Profit means satisfied customers and investors

Revenue, taxes, expenses, and profit are graphed vs. production rate, and break-even point and shut-down point are identified.
Profit is net income after taxes.
(FIT is corporate federal income tax.) [1]

Profits… resulting from the relationships of costs to prices, not only tell us which goods it is most economical to make, but which are the most economical ways to make them.

…profits… put constant and unremitting pressure on the head of every competitive business to introduce further economies and efficiencies…

…the prospect of profits decides what articles will be made, and in what quantities—and what articles will not be made at all. If there is no profit in making an article, it is a sign that the labor and capital devoted to its production are misdirected: the value of the resources that must be used up in making the article is greater than the value of the article itself.

…profits… guide and channel the factors of production so as to apportion the relative output of thousands of different commodities in accordance with demand.

The total profits of General Motors… are taken as if they were typical rather than exceptional.

Profits actually do not bulk large in our total economy. The net income of incorporated business in the fifteen years from 1929 to 1943, to take an illustrative figure, averaged less than 5 per cent of the total national income.

…what government officials would undoubtedly regard as “excessive” or “unreasonable” profits… would not only cause every firm in that line to expand its production to the utmost, and to reinvest its profits in more machinery and more employment; it would also attract new investors and producers from everywhere, until production in that line was great enough to meet demand, and the profits in it again fell to the general average level.

Few people are acquainted with the mortality rates for business concerns. They do not know… that “should conditions of business averaging the experience of the last fifty years prevail, about seven of each ten grocery stores opening today will survive into their second year; only four of the ten may expect to celebrate their fourth birthday.”

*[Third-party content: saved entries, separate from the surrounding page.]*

(* Consider the gossip dynamics with stubborn agents and block communication probabilities described in the context (with $0<n_{r1}\le n_1$, $0<n_{r2}\le n_2$, $n_{r1}+n_{r2}<n$, $w_s,w_d>0$, $w_s\neq w_d$, $w_s(n_1^2+n_2^2)+2w_dn_1n_2=1$, and fixed stubborn initial vector $\mathbf{x}^s=x^s(0)=[(\mathbf{x}^{s1})^T\ (\mathbf{x}^{s2})^T]^T$, where $\mathbf{x}^{sk}$ stacks the states of stubborn agents of community $k$). Then, with $a_i=w_sn_i+w_dn_{3-i}$ for $i=1,2$, there exist constants $\tilde w_{s1},\tilde w_{s2},\tilde w_d$ depending only on $w_s,w_d,n_{r1},n_{r2}$ such that $$(I-\bar A)^{-1}=\begin{bmatrix}\frac1{a_1}(I_{n_{r1}}-\tilde w_{s1}\mathbf{1}_{n_{r1}}\mathbf{1}_{n_{r1}}^T) & \tilde w_d\mathbf{1}_{n_{r1}}\mathbf{1}_{n_{r2}}^T\\ \tilde w_d\mathbf{1}_{n_{r2}}\mathbf{1}_{n_{r1}}^T & \frac1{a_2}(I_{n_{r2}}-\tilde w_{s2}\mathbf{1}_{n_{r2}}\mathbf{1}_{n_{r2}}^T)\end{bmatrix}$$ (block decomposition by regular agents of community 1, then community 2). Consequently $$\mathbf{x}^r:=(I-\bar A)^{-1}\bar B\mathbf{x}^s=[\chi_1\mathbf{1}_{n_{r1}}^T,\ \chi_2\mathbf{1}_{n_{r2}}^T]^T,$$ where $$\chi_1=\tfrac1\delta(\gamma_{11}\mathbf{1}_{n_{s1}}^T\mathbf{x}^{s1}+\gamma_{12}\mathbf{1}_{n_{s2}}^T\mathbf{x}^{s2}),\qquad \chi_2=\tfrac1\delta(\gamma_{21}\mathbf{1}_{n_{s2}}^T\mathbf{x}^{s2}+\gamma_{22}\mathbf{1}_{n_{s1}}^T\mathbf{x}^{s1}),$$ with $\gamma_{11}=w_sw_dn_1+w_d^2n_{r2}+w_s^2n_{s2}$, $\gamma_{12}=w_d(w_dn_1+w_sn_2)$, $\gamma_{21}=w_sw_dn_2+w_d^2n_{r1}+w_s^2n_{s1}$, $\gamma_{22}=w_d(w_dn_2+w_sn_1)$, $\delta=w_s^2n_{s1}n_{s2}+w_sw_d(n_1n_{s1}+n_2n_{s2})+w_d^2(n_1n_2-n_{r1}n_{r2})$, and $\mathbf{1}_{n_{sk}}^T\mathbf{x}^{sk}$ is defined to be $0$ if $n_{sk}=0$.
   Context: Agents $\mathcal{V}=\{1,\dots,n\}$, $n=n_1+n_2$, form two communities $\mathcal{V}_1=\{1,\dots,n_1\}$, $\mathcal{V}_2=\{n_1+1,\dots,n\}$; community $k$ consists of $n_{rk}$ regular agents $\mathcal{V}_{rk}$ and $n_{sk}=n_k-n_{rk}$ stubborn agents $\mathcal{V}_{sk}$; $\mathcal{V}_r=\mathcal{V}_{r1}\cup\mathcal{V}_{r2}$, $\mathcal{V}_s=\mathcal{V}_{s1}\cup\mathcal{V}_{s2}$. Let $w_{ij}=w_s$ if $i,j$ are in the same community and $w_{ij}=w_d$ otherwise. For $i,j\in\mathcal{V}$ define $R^{ij}=I-\frac12(\mathbf{e}_i-\mathbf{e}_j)(\mathbf{e}_i-\mathbf{e}_j)^T$ if $i,j\in\mathcal{V}_r$; $R^{ij}=I-\frac12\mathbf{e}_i(\mathbf{e}_i-\mathbf{e}_j)^T$ if $i\in\mathcal{V}_r,j\in\mathcal{V}_s$; $R^{ij}=I-\frac12\mathbf{e}_j(\mathbf{e}_j-\mathbf{e}_i)^T$ if $i\in\mathcal{V}_s,j\in\mathcal{V}_r$; $R^{ij}=I$ if $i,j\in\mathcal{V}_s$. At each time $t\in\mathbb{N}$, independently, an ordered pair $(i,j)$ is drawn with probability $w_{ij}$ and $R(t)=R^{ij}$; states evolve by $x(t+1)=R(t)x(t)$. With $x^r(t)$, $x^s(t)$ the stacked states of regular and stubborn agents, $x^r(t+1)=A(t)x^r(t)+B(t)x^s(t)$, where $(A(t)\ B(t))$ are the rows of $R(t)$ indexed by regular agents, columns split into regular ($A(t)$) and stubborn ($B(t)$) agents. $\bar A=\mathbb{E}\{A(t)\}$, $\bar B=\mathbb{E}\{B(t)\}$. *)

theory Defs
  imports "Jordan_Normal_Form.Matrix"
begin

text \<open>Agents are labelled 0..n-1 (n = n1+n2). Community 1 = {0..<n1}, community 2 = {n1..<n}.
Labelling convention: regular agents of community 1 are {0..<nr1}, its stubborn agents {nr1..<n1};
regular agents of community 2 are {n1..<n1+nr2}, its stubborn agents {n1+nr2..<n}.\<close>

definition ones_vec :: "nat \<Rightarrow> real vec" where
  "ones_vec k = vec k (\<lambda>_. 1)"

definition outer :: "real vec \<Rightarrow> real vec \<Rightarrow> real mat" where
  "outer u v = mat (dim_vec u) (dim_vec v) (\<lambda>(p,q). u $ p * v $ q)"

definition is_regular :: "nat \<Rightarrow> nat \<Rightarrow> nat \<Rightarrow> nat \<Rightarrow> bool" where
  "is_regular n1 nr1 nr2 i \<longleftrightarrow> i < nr1 \<or> (n1 \<le> i \<and> i < n1 + nr2)"

definition wgt :: "real \<Rightarrow> real \<Rightarrow> nat \<Rightarrow> nat \<Rightarrow> nat \<Rightarrow> real" where
  "wgt ws wd n1 i j = (if (i < n1) = (j < n1) then ws else wd)"

definition Rmat :: "nat \<Rightarrow> nat \<Rightarrow> nat \<Rightarrow> nat \<Rightarrow> nat \<Rightarrow> nat \<Rightarrow> real mat" where
  "Rmat n n1 nr1 nr2 i j =
     (let ei = unit_vec n i; ej = unit_vec n j; reg = is_regular n1 nr1 nr2 in
      if reg i \<and> reg j then 1\<^sub>m n - (1/2) \<cdot>\<^sub>m outer (ei - ej) (ei - ej)
      else if reg i \<and> \<not> reg j then 1\<^sub>m n - (1/2) \<cdot>\<^sub>m outer ei (ei - ej)
      else if \<not> reg i \<and> reg j then 1\<^sub>m n - (1/2) \<cdot>\<^sub>m outer ej (ej - ei)
      else 1\<^sub>m n)"
(* Let $A<\mathbb{R}$ be any subring. For any finite set $S\subseteq H(A)''$ there is a non-trivial element $h_S\in H(A)$ commuting with each element of $S$.
   Context: Let $\mathbb{P}^1=\mathbb{P}^1(\mathbb{R})$ with its usual topology (a circle) and the natural action of $\mathrm{PSL}_2(\mathbb{R})$. Let $G$ be the group of homeomorphisms of $\mathbb{P}^1$ which are piecewise in $\mathrm{PSL}_2(\mathbb{R})$ with finitely many pieces, each an interval. Let $\infty\in\mathbb{P}^1$ correspond to the first basis vector of $\mathbb{R}^2$ and $H<G$ its stabilizer. For a subring $A<\mathbb{R}$, $P_A$ is the set of fixed points of hyperbolic elements of $\mathrm{PSL}_2(A)$, $G(A)$ is the subgroup of $G$ of elements piecewise in $\mathrm{PSL}_2(A)$ with all interval endpoints in $P_A$, and $H(A)=G(A)\cap H$. $H(A)''$ denotes the second derived subgroup $[H(A)',H(A)']$, where $H(A)'=[H(A),H(A)]$. *)

theory Defs
  imports "HOL-Analysis.Analysis" "HOL-Algebra.Solvable_Groups" "HOL-Algebra.Bij"
begin

text \<open>The real projective line P^1(R) is modelled as real option:
  Some t is the point [t:1] and None is the point [1:0] = infinity
  (the line spanned by the first basis vector).\<close>

type_synonym p1 = "real option"

definition P1_open :: "p1 set \<Rightarrow> bool" where
  "P1_open U \<longleftrightarrow> open {t. Some t \<in> U} \<and>
     (None \<in> U \<longrightarrow> (\<exists>M. \<forall>t. \<bar>t\<bar> > M \<longrightarrow> Some t \<in> U))"

definition P1_top :: "p1 topology" where
  "P1_top = topology P1_open"

text \<open>2x2 real matrices (a b; c d) as quadruples.\<close>
type_synonym mat2 = "real \<times> real \<times> real \<times> real"

definition SL2 :: "real set \<Rightarrow> mat2 set" where
  "SL2 A = {(a,b,c,d). a \<in> A \<and> b \<in> A \<and> c \<in> A \<and> d \<in> A \<and> a*d - b*c = 1}"

text \<open>Natural (projective) action of a matrix on P^1: [x:y] maps to [ax+by : cx+dy].
  It only depends on the class in PSL2.\<close>
fun mobius :: "mat2 \<Rightarrow> p1 \<Rightarrow> p1" where
  "mobius (a,b,c,d) (Some t) = (if c*t + d \<noteq> 0 then Some ((a*t + b)/(c*t + d)) else None)"
| "mobius (a,b,c,d) None = (if c \<noteq> 0 then Some (a/c) else None)"

definition is_subring :: "real set \<Rightarrow> bool" where
  "is_subring A \<longleftrightarrow> 1 \<in> A \<and> (\<forall>x\<in>A. \<forall>y\<in>A. x - y \<in> A \<and> x * y \<in> A)"

definition hyperbolic :: "mat2 \<Rightarrow> bool" where
  "hyperbolic M \<longleftrightarrow> (case M of (a,b,c,d) \<Rightarrow> \<bar>a + d\<bar> > 2)"

definition P_set :: "real set \<Rightarrow> p1 set" where
  "P_set A = {p. \<exists>M\<in>SL2 A. hyperbolic M \<and> mobius M p = p}"

text \<open>G(A): homeomorphisms of P^1 which are piecewise in PSL2(A), with finitely
  many pieces; the pieces are the intervals (connected components) of the
  complement of a finite set of breakpoints lying in P_A.\<close>
definition G_A :: "real set \<Rightarrow> (p1 \<Rightarrow> p1) set" where
  "G_A A = {g. homeomorphic_map P1_top P1_top g \<and>
     (\<exists>B. finite B \<and> B \<subseteq> P_set A \<and>
        (\<forall>C \<in> connected_components_of (subtopology P1_top (UNIV - B)).
           \<exists>M \<in> SL2 A. \<forall>p\<in>C. g p = mobius M p))}"

definition H_A :: "real set \<Rightarrow> (p1 \<Rightarrow> p1) set" where
  "H_A A = {g \<in> G_A A. g None = None}"

abbreviation Sym_P1 :: "(p1 \<Rightarrow> p1) monoid" where
  "Sym_P1 \<equiv> BijGroup (UNIV :: p1 set)"

definition H_A_dd :: "real set \<Rightarrow> (p1 \<Rightarrow> p1) set" where
  "H_A_dd A = derived Sym_P1 (derived Sym_P1 (H_A A))"

end

theory Submission
  imports Defs "HOL-Real_Asymp.Real_Asymp"
begin
(* Let $n\geq2$ be an integer, and let $f:[0,\infty)\to[0,\infty)$ be a continuous, log-concave function, $C^2$-smooth on $(0,\infty)$, with $0<\int_0^\infty f<\infty$. Then for $0\leq\varepsilon\leq1$, $$ \int_{t_n(f)(1-\varepsilon)}^{t_n(f)(1+\varepsilon)}t^{n-1}f(t)\,dt\geq\left(1-Ce^{-c\varepsilon^2n}\right)\int_0^\infty t^{n-1}f(t)\,dt, $$ where $C>1$ and $0<c<1$ are universal constants.
   Context: For such $f$ and $p>1$, $t_p(f)$ denotes the unique $t>0$ with $f(t)>0$ and $f'(t)/f(t)=-(p-1)/t$ (existence and uniqueness hold under the stated assumptions). Log-concave: $f(\lambda x+(1-\lambda)y)\geq f(x)^\lambda f(y)^{1-\lambda}$. *)

theory Defs
  imports "HOL-Analysis.Analysis"
begin

definition log_concave_on_nonneg :: "(real \<Rightarrow> real) \<Rightarrow> bool" where
  "log_concave_on_nonneg f \<longleftrightarrow>
     (\<forall>x\<ge>0. \<forall>y\<ge>0. \<forall>l\<in>{0..1::real}.
        f (l * x + (1 - l) * y) \<ge> (f x powr l) * (f y powr (1 - l)))"

definition C2_on_pos :: "(real \<Rightarrow> real) \<Rightarrow> bool" where
  "C2_on_pos f \<longleftrightarrow>
     (\<forall>t>0. f differentiable (at t) \<and> (deriv f) differentiable (at t)) \<and>
     continuous_on {0<..} (deriv (deriv f))"

definition tp :: "real \<Rightarrow> (real \<Rightarrow> real) \<Rightarrow> real" where
  "tp p f = (THE t. t > 0 \<and> f t > 0 \<and> deriv f t / f t = - (p - 1) / t)"

end

theory Submission
  imports Defs
begin

(* Put m = n - 1 and h(t) = t^m f(t). Combining the tangent bound for the concave function ln f
   with t^m <= s^m exp(m (t - s) / s) gives h(t) <= h(s) exp(phi(s) (t - s)), where
   phi(s) = m/s + f'(s)/f(s) is decreasing and vanishes at the critical point t0 = t_n(f).
   Hence h is unimodal with mode t0, and at s = t0 (1 +- eps/2) the slope phi(s) has size at least
   m eps / (3 t0). Beyond t0 (1 +- eps) the function h is therefore dominated by an exponential,
   so each tail of the integral of h is at most (6 / (m eps^2)) exp(-m eps^2 / 6) times
   (t0 eps / 2) h(s), which by unimodality is at most the mass of h on [t0 (1 - eps), t0 (1 + eps)].
   The critical point exists because h tends to 0 at infinity (f decays exponentially), so h
   attains its maximum on [0, infinity). As n <= 2m, the resulting bound 1 - exp(-m eps^2 / 6),
   valid for m eps^2 >= 12, yields C = 3 and c = 1/24; for m eps^2 < 12 the claim is trivial. *)

lemma log_concave_pos_between:
  assumes lc: "log_concave_on_nonneg f" and "0 \<le> a" "a \<le> b" "b \<le> c" "0 < f a" "0 < f c"
  shows "0 < f b"
proof (cases "a = c")
  case True
  then show ?thesis using assms by auto
next
  case False
  define l where "l = (c - b) / (c - a)"
  have ca: "0 < c - a" using False assms by auto
  have l: "l \<in> {0..1}" using assms ca by (auto simp: l_def field_simps)
  have "1 - l = (b - a) / (c - a)" using ca by (simp add: l_def field_simps)
  then have "l * a + (1 - l) * c = ((c - b) * a + (b - a) * c) / (c - a)"
    by (simp add: l_def add_divide_distrib)
  also have "(c - b) * a + (b - a) * c = b * (c - a)" by algebra
  finally have b: "l * a + (1 - l) * c = b" using ca by simp
  have "0 < f a powr l * f c powr (1 - l)" using assms by simp
  also have "\<dots> \<le> f b"
    using lc l assms unfolding log_concave_on_nonneg_def b[symmetric] by auto
  finally show ?thesis .
qed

…any individual placing venture capital runs a risk not only of earning no return but of losing his whole principal.

…over a long period of years, after allowance is made for all losses, for a minimum “riskless” interest on invested capital, and for an imputed “reasonable” wage value of the services of people who run their own business, no net profit at all may be left over, and that there may even be a net loss. …optimism and self-confidence too often lead… into ventures that do not or cannot succeed.[2]

  1. Couper, James Riley. Process engineering economics. Marcel Dekker, 2003. p. 256.
  2. Hazlitt, Henry. Economics in one lesson. Harper & Brothers, 1946. pp. 168-172.